Task objective —
Here are some entries. Print them exactly as they are.

Source records —

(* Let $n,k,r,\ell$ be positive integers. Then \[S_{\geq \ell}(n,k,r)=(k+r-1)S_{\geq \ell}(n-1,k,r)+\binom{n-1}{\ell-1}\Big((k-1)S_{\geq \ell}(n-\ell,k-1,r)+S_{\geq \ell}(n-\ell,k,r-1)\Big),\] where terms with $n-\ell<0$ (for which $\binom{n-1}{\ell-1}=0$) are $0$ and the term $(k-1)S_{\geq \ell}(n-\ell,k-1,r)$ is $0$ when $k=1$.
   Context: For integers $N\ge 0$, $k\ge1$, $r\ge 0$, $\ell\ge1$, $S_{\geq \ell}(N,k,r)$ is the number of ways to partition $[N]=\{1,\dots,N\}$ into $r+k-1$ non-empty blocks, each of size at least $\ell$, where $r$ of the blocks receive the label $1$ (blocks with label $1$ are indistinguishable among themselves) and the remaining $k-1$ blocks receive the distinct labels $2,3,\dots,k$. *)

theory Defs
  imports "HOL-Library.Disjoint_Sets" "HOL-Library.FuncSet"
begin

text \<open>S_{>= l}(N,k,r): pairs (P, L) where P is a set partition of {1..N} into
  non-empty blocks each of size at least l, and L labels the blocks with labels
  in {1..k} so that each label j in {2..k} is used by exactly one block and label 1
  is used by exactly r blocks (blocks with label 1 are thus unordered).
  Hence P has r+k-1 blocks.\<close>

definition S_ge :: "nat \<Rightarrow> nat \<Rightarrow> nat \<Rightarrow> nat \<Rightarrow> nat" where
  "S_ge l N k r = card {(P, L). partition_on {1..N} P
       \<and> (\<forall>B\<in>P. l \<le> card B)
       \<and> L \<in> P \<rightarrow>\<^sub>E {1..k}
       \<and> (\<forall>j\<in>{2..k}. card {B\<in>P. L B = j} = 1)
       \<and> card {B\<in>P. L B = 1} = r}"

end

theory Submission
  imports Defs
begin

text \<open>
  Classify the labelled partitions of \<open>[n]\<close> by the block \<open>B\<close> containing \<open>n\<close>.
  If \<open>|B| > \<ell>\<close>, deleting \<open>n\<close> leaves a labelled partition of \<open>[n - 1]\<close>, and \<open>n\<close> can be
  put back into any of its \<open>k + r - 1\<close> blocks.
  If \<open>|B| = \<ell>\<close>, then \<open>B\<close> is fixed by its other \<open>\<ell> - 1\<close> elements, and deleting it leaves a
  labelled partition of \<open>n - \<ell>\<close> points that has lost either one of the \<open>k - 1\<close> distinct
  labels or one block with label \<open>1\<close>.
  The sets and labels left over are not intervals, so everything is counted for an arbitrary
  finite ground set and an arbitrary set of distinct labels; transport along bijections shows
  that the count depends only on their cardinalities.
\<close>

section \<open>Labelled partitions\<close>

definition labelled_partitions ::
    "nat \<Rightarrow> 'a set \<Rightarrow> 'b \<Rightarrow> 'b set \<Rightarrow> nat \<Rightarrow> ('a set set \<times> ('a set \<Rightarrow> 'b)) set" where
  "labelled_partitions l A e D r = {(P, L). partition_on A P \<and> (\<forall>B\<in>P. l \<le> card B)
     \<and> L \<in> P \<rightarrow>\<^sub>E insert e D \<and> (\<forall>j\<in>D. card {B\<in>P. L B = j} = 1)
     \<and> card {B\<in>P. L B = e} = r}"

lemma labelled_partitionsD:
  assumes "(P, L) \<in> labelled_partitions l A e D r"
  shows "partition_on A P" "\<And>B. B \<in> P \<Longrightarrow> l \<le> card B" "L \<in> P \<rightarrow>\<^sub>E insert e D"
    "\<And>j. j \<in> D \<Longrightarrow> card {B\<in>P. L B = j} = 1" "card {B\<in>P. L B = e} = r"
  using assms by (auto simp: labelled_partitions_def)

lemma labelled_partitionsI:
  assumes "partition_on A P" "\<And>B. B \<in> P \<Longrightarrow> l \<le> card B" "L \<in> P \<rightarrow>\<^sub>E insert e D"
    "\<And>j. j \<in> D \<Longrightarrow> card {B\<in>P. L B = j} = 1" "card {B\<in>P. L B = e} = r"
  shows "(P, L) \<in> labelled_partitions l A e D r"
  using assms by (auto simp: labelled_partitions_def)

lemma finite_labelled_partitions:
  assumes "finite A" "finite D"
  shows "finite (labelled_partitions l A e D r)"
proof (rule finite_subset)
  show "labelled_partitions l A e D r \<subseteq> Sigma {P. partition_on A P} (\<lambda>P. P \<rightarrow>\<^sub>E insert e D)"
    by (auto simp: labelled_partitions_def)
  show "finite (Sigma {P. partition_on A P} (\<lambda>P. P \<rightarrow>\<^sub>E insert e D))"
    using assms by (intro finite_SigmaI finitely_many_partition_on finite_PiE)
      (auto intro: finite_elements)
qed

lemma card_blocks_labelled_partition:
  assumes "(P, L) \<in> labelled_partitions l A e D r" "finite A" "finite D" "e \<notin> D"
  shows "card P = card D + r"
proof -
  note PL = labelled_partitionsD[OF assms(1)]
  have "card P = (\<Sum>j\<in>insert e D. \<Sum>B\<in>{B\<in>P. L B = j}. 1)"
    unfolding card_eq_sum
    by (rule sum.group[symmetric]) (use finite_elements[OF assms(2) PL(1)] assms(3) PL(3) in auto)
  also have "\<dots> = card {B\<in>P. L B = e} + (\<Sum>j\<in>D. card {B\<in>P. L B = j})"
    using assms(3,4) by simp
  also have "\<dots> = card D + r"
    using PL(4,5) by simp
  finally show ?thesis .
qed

Solution for this task —
(* Let $n,k,r,\ell$ be positive integers. Then \[S_{\geq \ell}(n,k,r)=(k+r-1)S_{\geq \ell}(n-1,k,r)+\binom{n-1}{\ell-1}\Big((k-1)S_{\geq \ell}(n-\ell,k-1,r)+S_{\geq \ell}(n-\ell,k,r-1)\Big),\] where terms with $n-\ell<0$ (for which $\binom{n-1}{\ell-1}=0$) are $0$ and the term $(k-1)S_{\geq \ell}(n-\ell,k-1,r)$ is $0$ when $k=1$.
   Context: For integers $N\ge 0$, $k\ge1$, $r\ge 0$, $\ell\ge1$, $S_{\geq \ell}(N,k,r)$ is the number of ways to partition $[N]=\{1,\dots,N\}$ into $r+k-1$ non-empty blocks, each of size at least $\ell$, where $r$ of the blocks receive the label $1$ (blocks with label $1$ are indistinguishable among themselves) and the remaining $k-1$ blocks receive the distinct labels $2,3,\dots,k$. *)

theory Defs
  imports "HOL-Library.Disjoint_Sets" "HOL-Library.FuncSet"
begin

text \<open>S_{>= l}(N,k,r): pairs (P, L) where P is a set partition of {1..N} into
  non-empty blocks each of size at least l, and L labels the blocks with labels
  in {1..k} so that each label j in {2..k} is used by exactly one block and label 1
  is used by exactly r blocks (blocks with label 1 are thus unordered).
  Hence P has r+k-1 blocks.\<close>

definition S_ge :: "nat \<Rightarrow> nat \<Rightarrow> nat \<Rightarrow> nat \<Rightarrow> nat" where
  "S_ge l N k r = card {(P, L). partition_on {1..N} P
       \<and> (\<forall>B\<in>P. l \<le> card B)
       \<and> L \<in> P \<rightarrow>\<^sub>E {1..k}
       \<and> (\<forall>j\<in>{2..k}. card {B\<in>P. L B = j} = 1)
       \<and> card {B\<in>P. L B = 1} = r}"

end

theory Submission
  imports Defs
begin

text \<open>
  Classify the labelled partitions of \<open>[n]\<close> by the block \<open>B\<close> containing \<open>n\<close>.
  If \<open>|B| > \<ell>\<close>, deleting \<open>n\<close> leaves a labelled partition of \<open>[n - 1]\<close>, and \<open>n\<close> can be
  put back into any of its \<open>k + r - 1\<close> blocks.
  If \<open>|B| = \<ell>\<close>, then \<open>B\<close> is fixed by its other \<open>\<ell> - 1\<close> elements, and deleting it leaves a
  labelled partition of \<open>n - \<ell>\<close> points that has lost either one of the \<open>k - 1\<close> distinct
  labels or one block with label \<open>1\<close>.
  The sets and labels left over are not intervals, so everything is counted for an arbitrary
  finite ground set and an arbitrary set of distinct labels; transport along bijections shows
  that the count depends only on their cardinalities.
\<close>

section \<open>Labelled partitions\<close>

definition labelled_partitions ::
    "nat \<Rightarrow> 'a set \<Rightarrow> 'b \<Rightarrow> 'b set \<Rightarrow> nat \<Rightarrow> ('a set set \<times> ('a set \<Rightarrow> 'b)) set" where
  "labelled_partitions l A e D r = {(P, L). partition_on A P \<and> (\<forall>B\<in>P. l \<le> card B)
     \<and> L \<in> P \<rightarrow>\<^sub>E insert e D \<and> (\<forall>j\<in>D. card {B\<in>P. L B = j} = 1)
     \<and> card {B\<in>P. L B = e} = r}"

lemma labelled_partitionsD:
  assumes "(P, L) \<in> labelled_partitions l A e D r"
  shows "partition_on A P" "\<And>B. B \<in> P \<Longrightarrow> l \<le> card B" "L \<in> P \<rightarrow>\<^sub>E insert e D"
    "\<And>j. j \<in> D \<Longrightarrow> card {B\<in>P. L B = j} = 1" "card {B\<in>P. L B = e} = r"
  using assms by (auto simp: labelled_partitions_def)

lemma labelled_partitionsI:
  assumes "partition_on A P" "\<And>B. B \<in> P \<Longrightarrow> l \<le> card B" "L \<in> P \<rightarrow>\<^sub>E insert e D"
    "\<And>j. j \<in> D \<Longrightarrow> card {B\<in>P. L B = j} = 1" "card {B\<in>P. L B = e} = r"
  shows "(P, L) \<in> labelled_partitions l A e D r"
  using assms by (auto simp: labelled_partitions_def)

lemma finite_labelled_partitions:
  assumes "finite A" "finite D"
  shows "finite (labelled_partitions l A e D r)"
proof (rule finite_subset)
  show "labelled_partitions l A e D r \<subseteq> Sigma {P. partition_on A P} (\<lambda>P. P \<rightarrow>\<^sub>E insert e D)"
    by (auto simp: labelled_partitions_def)
  show "finite (Sigma {P. partition_on A P} (\<lambda>P. P \<rightarrow>\<^sub>E insert e D))"
    using assms by (intro finite_SigmaI finitely_many_partition_on finite_PiE)
      (auto intro: finite_elements)
qed

lemma card_blocks_labelled_partition:
  assumes "(P, L) \<in> labelled_partitions l A e D r" "finite A" "finite D" "e \<notin> D"
  shows "card P = card D + r"
proof -
  note PL = labelled_partitionsD[OF assms(1)]
  have "card P = (\<Sum>j\<in>insert e D. \<Sum>B\<in>{B\<in>P. L B = j}. 1)"
    unfolding card_eq_sum
    by (rule sum.group[symmetric]) (use finite_elements[OF assms(2) PL(1)] assms(3) PL(3) in auto)
  also have "\<dots> = card {B\<in>P. L B = e} + (\<Sum>j\<in>D. card {B\<in>P. L B = j})"
    using assms(3,4) by simp
  also have "\<dots> = card D + r"
    using PL(4,5) by simp
  finally show ?thesis .
qed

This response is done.